# Work to be completed
Transcription should be exact. Include all entries.
-*-*-
(* For any nonnegative integers $j_1,j_2,l,k$ with $j_1+j_2-k\ge 1$, there is a constant $C$ (independent of $b$) such that for all $b\in H^{j_1+j_2-k-\frac12}(\mathbb{T})$, $$\|b^{\sharp}\|_{L^2(\Omega)}+ \|\rho^{k+l}\, \partial_\theta^{j_1} \partial^{j_2+l}_{R}\, b^{\sharp}\|_{L^2(\Omega)} \leq C \|b\|_{H^{j_1+j_2-k-\frac12}(\mathbb{T})}.$$ The function $B^\flat$ satisfies the analogous estimate (with $b^\sharp,b$ replaced by $B^\flat,B$).
   Context: $\mathbb{T}:=\mathbb{R}/2\pi\mathbb{Z}$. $\Omega:=\{(R,\theta)\in(1,7)\times\mathbb{T}\}$; the $L^2(\Omega)$ norm is taken with the measure $dR\,d\theta$. $\rho(R):=\frac16(R-1)(7-R)$. Fix an even cutoff $\widetilde\chi\in C^\infty(\mathbb{R})$ with $\widetilde\chi(s)=1$ if $|s|<\frac12$ and $\widetilde\chi(s)=0$ if $|s|>1$. For functions $b,B$ on $\mathbb{T}$ with Fourier coefficients $b_n,B_n$ (i.e. $b_n=\frac1{2\pi}\int_0^{2\pi}b(\theta)e^{-in\theta}d\theta$, similarly $B_n$), define $b^\sharp(R,\theta):=\sum_{n\in\mathbb{Z}} b_n e^{in\theta}\widetilde\chi((1+|n|)(R-1))$ and $B^\flat(R,\theta):=\sum_{n\in\mathbb{Z}} B_n e^{in\theta}\widetilde\chi((1+|n|)(R-7))$. *)

theory Defs
  imports "HOL-Analysis.Analysis"
begin

definition fcoeff :: "(real \<Rightarrow> complex) \<Rightarrow> int \<Rightarrow> complex" where
  "fcoeff b n = (LINT \<theta>:{0..2*pi}|lborel. exp (- (\<i> * of_int n * of_real \<theta>)) * b \<theta>) / (2 * pi)"

definition in_Hs :: "real \<Rightarrow> (real \<Rightarrow> complex) \<Rightarrow> bool" where
  "in_Hs s b \<longleftrightarrow> b \<in> borel_measurable borel \<and>
     (\<integral>\<^sup>+ \<theta>\<in>{0..2*pi}. ennreal ((cmod (b \<theta>))\<^sup>2) \<partial>lborel) < \<infinity> \<and>
     (\<lambda>n::int. (1 + (real_of_int n)\<^sup>2) powr s * (cmod (fcoeff b n))\<^sup>2) summable_on UNIV"

definition Hs_norm :: "real \<Rightarrow> (real \<Rightarrow> complex) \<Rightarrow> real" where
  "Hs_norm s b = sqrt (\<Sum>\<^sub>\<infinity>n::int. (1 + (real_of_int n)\<^sup>2) powr s * (cmod (fcoeff b n))\<^sup>2)"

definition rho :: "real \<Rightarrow> real" where
  "rho R = (1/6) * (R - 1) * (7 - R)"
-*-*-
# Result
(* For any nonnegative integers $j_1,j_2,l,k$ with $j_1+j_2-k\ge 1$, there is a constant $C$ (independent of $b$) such that for all $b\in H^{j_1+j_2-k-\frac12}(\mathbb{T})$, $$\|b^{\sharp}\|_{L^2(\Omega)}+ \|\rho^{k+l}\, \partial_\theta^{j_1} \partial^{j_2+l}_{R}\, b^{\sharp}\|_{L^2(\Omega)} \leq C \|b\|_{H^{j_1+j_2-k-\frac12}(\mathbb{T})}.$$ The function $B^\flat$ satisfies the analogous estimate (with $b^\sharp,b$ replaced by $B^\flat,B$).
   Context: $\mathbb{T}:=\mathbb{R}/2\pi\mathbb{Z}$. $\Omega:=\{(R,\theta)\in(1,7)\times\mathbb{T}\}$; the $L^2(\Omega)$ norm is taken with the measure $dR\,d\theta$. $\rho(R):=\frac16(R-1)(7-R)$. Fix an even cutoff $\widetilde\chi\in C^\infty(\mathbb{R})$ with $\widetilde\chi(s)=1$ if $|s|<\frac12$ and $\widetilde\chi(s)=0$ if $|s|>1$. For functions $b,B$ on $\mathbb{T}$ with Fourier coefficients $b_n,B_n$ (i.e. $b_n=\frac1{2\pi}\int_0^{2\pi}b(\theta)e^{-in\theta}d\theta$, similarly $B_n$), define $b^\sharp(R,\theta):=\sum_{n\in\mathbb{Z}} b_n e^{in\theta}\widetilde\chi((1+|n|)(R-1))$ and $B^\flat(R,\theta):=\sum_{n\in\mathbb{Z}} B_n e^{in\theta}\widetilde\chi((1+|n|)(R-7))$. *)

theory Defs
  imports "HOL-Analysis.Analysis"
begin

definition fcoeff :: "(real \<Rightarrow> complex) \<Rightarrow> int \<Rightarrow> complex" where
  "fcoeff b n = (LINT \<theta>:{0..2*pi}|lborel. exp (- (\<i> * of_int n * of_real \<theta>)) * b \<theta>) / (2 * pi)"

definition in_Hs :: "real \<Rightarrow> (real \<Rightarrow> complex) \<Rightarrow> bool" where
  "in_Hs s b \<longleftrightarrow> b \<in> borel_measurable borel \<and>
     (\<integral>\<^sup>+ \<theta>\<in>{0..2*pi}. ennreal ((cmod (b \<theta>))\<^sup>2) \<partial>lborel) < \<infinity> \<and>
     (\<lambda>n::int. (1 + (real_of_int n)\<^sup>2) powr s * (cmod (fcoeff b n))\<^sup>2) summable_on UNIV"

definition Hs_norm :: "real \<Rightarrow> (real \<Rightarrow> complex) \<Rightarrow> real" where
  "Hs_norm s b = sqrt (\<Sum>\<^sub>\<infinity>n::int. (1 + (real_of_int n)\<^sup>2) powr s * (cmod (fcoeff b n))\<^sup>2)"

definition rho :: "real \<Rightarrow> real" where
  "rho R = (1/6) * (R - 1) * (7 - R)"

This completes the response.